FIG. 4 provides a plot of input reflection loss for an example embodiment of a radial combiner according to the invention. Specifically, FIG. 4 shows the measured input return loss of the transmitting antenna at the center port. Input loss was measured using input signals from 20 to 30 GHz. The vertical scale is reflection loss in 5 dB per division and the 0 dB reference is the 3^rd horizontal line from the top. As shown, the input return loss of the center port is better than 30 dB at 26.5 GHz.

FIG. 5 provides a plot of coupling from the input port to a selected output port of an example embodiment of a radial divider according to the invention. To demonstrate the power dividing function, insertion loss from the transmitting center port to each of ten output ports was measured using input signals from 20 to 30 GHz. In FIG. 5, the horizontal scale is swept from 20 to 30 GHz and the vertical scale is 10 dB per division. The 0 dB reference is the 5^th horizontal (center) line from the top. FIG. 5 shows that the measured insertion loss from the center port to port #9 is −10.35 dB. This result indicates that the output power of each port is about 10% (i.e., −10 dB) of the input port power. The extra 0.35 dB is due to conductor loss of the radial waveguide.

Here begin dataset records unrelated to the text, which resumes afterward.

lemma Der_smult: "\<delta> \<in> Der \<iota> \<Longrightarrow> (\<lambda>x. a * \<delta> x) \<in> Der \<iota>"
proof -
  assume d: "\<delta> \<in> Der \<iota>"
  show ?thesis unfolding Der_iff
    using Der_add[OF d] Der_hom[OF d] Der_mult[OF d] by (simp add: algebra_simps)
qed

lemma Der_sum:
  "finite S \<Longrightarrow> (\<And>i. i \<in> S \<Longrightarrow> d i \<in> Der \<iota>) \<Longrightarrow> (\<lambda>x. \<Sum>i\<in>S. g i * d i x) \<in> Der \<iota>"
proof (induction S rule: finite_induct)
  case empty then show ?case by (simp add: Der_zero_map)
next
  case (insert i S)
  then show ?case using Der_plus[OF Der_smult[of "d i" \<iota> "g i"], of "\<lambda>x. \<Sum>i\<in>S. g i * d i x"]
    by simp
qed

section \<open>Commutators with multiplication operators\<close>

definition bracket :: "('a \<Rightarrow> 'a) \<Rightarrow> 'a \<Rightarrow> 'a \<Rightarrow> 'a::comm_ring_1" where
  "bracket \<phi> a = (\<lambda>x. \<phi> (a * x) - a * \<phi> x)"

fun brackets :: "('a \<Rightarrow> 'a) \<Rightarrow> 'a list \<Rightarrow> 'a \<Rightarrow> 'a::comm_ring_1" where
  "brackets \<phi> [] = \<phi>"
| "brackets \<phi> (a # as) = brackets (bracket \<phi> a) as"

lemma diff_le_Suc_bracket:
  "diff_le \<iota> (Suc i) \<phi> = (klinear \<iota> \<phi> \<and> (\<forall>a. diff_le \<iota> i (bracket \<phi> a)))"
  by (simp add: bracket_def)

lemma diff_le_0_iff: "diff_le \<iota> 0 \<phi> \<longleftrightarrow> (\<exists>a. \<phi> = (\<lambda>x. a * x))"
  by simp

declare diff_le.simps[simp del]

lemma diff_le_0_mult: "diff_le \<iota> 0 (\<lambda>x. a * x)"
  by (auto simp: diff_le_0_iff)

lemma diff_le_0E: "diff_le \<iota> 0 \<phi> \<Longrightarrow> (\<And>a. \<phi> = (\<lambda>x. a * x) \<Longrightarrow> P) \<Longrightarrow> P"
  by (auto simp: diff_le_0_iff)

lemma bracket_mult[simp]: "bracket (\<lambda>x. c * x) a = (\<lambda>x. 0)"
  by (simp add: bracket_def algebra_simps)

lemma bracket_plus: "bracket (\<lambda>x. \<phi> x + \<psi> x) a = (\<lambda>x. bracket \<phi> a x + bracket \<psi> a x)"
  by (simp add: bracket_def algebra_simps)

lemma bracket_minus: "bracket (\<lambda>x. \<phi> x - \<psi> x) a = (\<lambda>x. bracket \<phi> a x - bracket \<psi> a x)"
  by (simp add: bracket_def algebra_simps)

lemma bracket_smult: "bracket (\<lambda>x. c * \<phi> x) a = (\<lambda>x. c * bracket \<phi> a x)"
  by (simp add: bracket_def algebra_simps)

lemma bracket_sum:
  "bracket (\<lambda>x. \<Sum>i\<in>S. g i * f i x) a = (\<lambda>x. \<Sum>i\<in>S. g i * bracket (f i) a x)"
  by (simp add: bracket_def algebra_simps sum_distrib_left sum_subtractf)

text \<open>Multiplication operators commute, so iterated brackets do not depend on the order.\<close>
lemma bracket_swap: "bracket (bracket \<phi> a) b = bracket (bracket \<phi> b) a"
  by (auto simp: bracket_def algebra_simps)

lemma brackets_plus: "brackets (\<lambda>x. \<phi> x + \<psi> x) as = (\<lambda>x. brackets \<phi> as x + brackets \<psi> as x)"
  by (induction as arbitrary: \<phi> \<psi>) (auto simp: bracket_plus)

lemma brackets_minus: "brackets (\<lambda>x. \<phi> x - \<psi> x) as = (\<lambda>x. brackets \<phi> as x - brackets \<psi> as x)"
  by (induction as arbitrary: \<phi> \<psi>) (auto simp: bracket_minus)

lemma brackets_smult: "brackets (\<lambda>x. c * \<phi> x) as = (\<lambda>x. c * brackets \<phi> as x)"
  by (induction as arbitrary: \<phi>) (auto simp: bracket_smult)

lemma brackets_sum:
  "brackets (\<lambda>x. \<Sum>i\<in>S. g i * f i x) as = (\<lambda>x. \<Sum>i\<in>S. g i * brackets (f i) as x)"
  by (induction as arbitrary: f) (auto simp: bracket_sum)

lemma brackets_append: "brackets \<phi> (as @ bs) = brackets (brackets \<phi> as) bs"
  by (induction as arbitrary: \<phi>) auto

lemma brackets_Cons_snoc: "brackets \<phi> (a # as) = brackets \<phi> (as @ [a])"
proof (induction as arbitrary: \<phi>)
  case Nil then show ?case by simp
next
  case (Cons b as)
  have "brackets \<phi> (a # b # as) = brackets (bracket (bracket \<phi> b) a) as" by (simp add: bracket_swap)
  also have "\<dots> = brackets (bracket \<phi> b) (as @ [a])" using Cons.IH by simp
  finally show ?case by simp
qed

lemma brackets_perm: "mset as = mset bs \<Longrightarrow> brackets \<phi> as = brackets \<phi> bs"
proof (induction as arbitrary: bs \<phi>)
  case Nil then show ?case by simp
next
  case (Cons a as)
  then have "a \<in> set bs" by (metis list.set_intros(1) set_mset_mset)
  then obtain bs1 bs2 where bs: "bs = bs1 @ a # bs2" by (meson split_list)
  have m: "mset as = mset (bs1 @ bs2)" using Cons.prems bs by simp
  have "brackets \<phi> bs = brackets (brackets \<phi> (bs1 @ [a])) bs2"
    unfolding bs brackets_append[symmetric] by simp
  also have "\<dots> = brackets (bracket \<phi> a) (bs1 @ bs2)"
    by (simp only: brackets_Cons_snoc[symmetric]) (simp add: brackets_append)
  also have "\<dots> = brackets (bracket \<phi> a) as" using Cons.IH[OF m] by simp
  finally show ?case by simp
qed
(* Let $\Lambda,\hat x,\mathcal R,V$ be as in the context and let $[u]\in\dot{\mathcal H}^1$ satisfy $u(L_\Lambda x)=u(x)$ for all $x\in\Lambda$. Let $f_u=-\mathrm{div}_{\mathcal R}(\nabla^2V(0)[D_{\mathcal R}u])$. Then, provided the respective sums converge absolutely, $$\sum_{x\in\Lambda}f_u(x)=0,\qquad\sum_{x\in\Lambda}f_u(x)\,x=0,\qquad\sum_{x\in\Lambda}f_u(x)\,x\otimes x=c\,\mathrm{Id}\ \text{ for some }c\in\mathbb{R}.$$
   Context: $\Lambda=A_\Lambda\mathbb{Z}^2$ is the square lattice ($A_\Lambda=\mathrm{Id}$) or triangular lattice ($A_\Lambda=\begin{pmatrix}1&\frac12\\0&\frac{\sqrt3}{2}\end{pmatrix}$); $Q_\Lambda$ is the rotation through $\pi/2$ (square) or $2\pi/3$ (triangular). $\hat x\in\mathbb{R}^2\setminus\Lambda$ is the centre of a unit square with vertices in $\Lambda$ (square) or the centroid of an equilateral triangle of side $1$ with vertices in $\Lambda$ (triangular), and $L_\Lambda x=Q_\Lambda(x-\hat x)+\hat x$ (so $L_\Lambda\Lambda=\Lambda$). $\mathcal R\subset\Lambda\setminus\{0\}$ is finite with $\mathrm{span}_\mathbb{Z}\mathcal R=\Lambda$ and $Q_\Lambda\mathcal R=\mathcal R$. $V\in C^6(\mathbb{R}^{\mathcal R},\mathbb{R})$ with $V(A)=V((A_{Q_\Lambda\rho})_{\rho\in\mathcal R})$, periodic with minimal period $p>0$ in each component, and lattice stable ($\exists c_0>0$: $\sum_x\sum_{\rho,\sigma}\nabla^2V(0)_{\rho\sigma}D_\rho vD_\sigma v\ge c_0\|D_{\mathcal R}v\|^2_{\ell^2}$ for all $v\in\dot{\mathcal H}^1$). $D_\rho u(x)=u(x+\rho)-u(x)$, $D_{\mathcal R}u=(D_\rho u)_{\rho\in\mathcal R}$, $\mathrm{div}_{\mathcal R}g(x)=-\sum_\rho(g_\rho(x-\rho)-g_\rho(x))$, and $\dot{\mathcal H}^1=\{u:\Lambda\to\mathbb{R}:D_{\mathcal R}u\in\ell^2(\Lambda)\}/\mathbb{R}$. *)

theory Defs
  imports "HOL-Analysis.Analysis"
begin

definition vec2 :: "real \<Rightarrow> real \<Rightarrow> real^2" where
  "vec2 a b = (\<chi> i. if i = 1 then a else b)"

datatype lattice_kind = Square | Triangular

definition lat_mat :: "lattice_kind \<Rightarrow> real^2^2" where
  "lat_mat k = (case k of
      Square \<Rightarrow> mat 1
    | Triangular \<Rightarrow> (\<chi> i j. if i = 1 then (if j = 1 then 1 else 1/2)
                          else (if j = 1 then 0 else sqrt 3 / 2)))"

definition lattice :: "lattice_kind \<Rightarrow> (real^2) set" where
  "lattice k = {lat_mat k *v vec2 (of_int a) (of_int b) | a b :: int. True}"

definition rot :: "real \<Rightarrow> real^2^2" where
  "rot \<theta> = (\<chi> i j. if i = 1 then (if j = 1 then cos \<theta> else - sin \<theta>)
                     else (if j = 1 then sin \<theta> else cos \<theta>))"

definition lat_rot :: "lattice_kind \<Rightarrow> real^2^2" where
  "lat_rot k = (case k of Square \<Rightarrow> rot (pi/2) | Triangular \<Rightarrow> rot (2*pi/3))"

definition admissible_centre :: "lattice_kind \<Rightarrow> real^2 \<Rightarrow> bool" where
  "admissible_centre k xh = (case k of
      Square \<Rightarrow> (\<exists>z v w. norm v = 1 \<and> norm w = 1 \<and> v \<bullet> w = 0 \<and>
                  z \<in> lattice k \<and> z + v \<in> lattice k \<and> z + w \<in> lattice k \<and>
                  z + v + w \<in> lattice k \<and> xh = z + (1/2) *\<^sub>R (v + w))
    | Triangular \<Rightarrow> (\<exists>a b c. a \<in> lattice k \<and> b \<in> lattice k \<and> c \<in> lattice k \<and>
                  dist a b = 1 \<and> dist b c = 1 \<and> dist a c = 1 \<and>
                  xh = (1/3) *\<^sub>R (a + b + c)))"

FIG. 6 provides a table of isolation measurements from a first port to each adjacent port in an example embodiment of a radial combiner according to the invention. The table provides the measured isolation of a 10-way combiner from port 1 to each adjacent port, with all unused ports terminated. As used in the table, the parameter “S1x” indicates a measurement from port 1 to port x. The data indicates that the combiner has good isolation (e.g., >20 dB) between immediate neighboring ports (e.g., S12 and S1,10). Between direct-facing ports, such as S15 and S16, the isolation drops to about 8 dB. Selecting designs with an odd number of ports provides better isolation to address this issue.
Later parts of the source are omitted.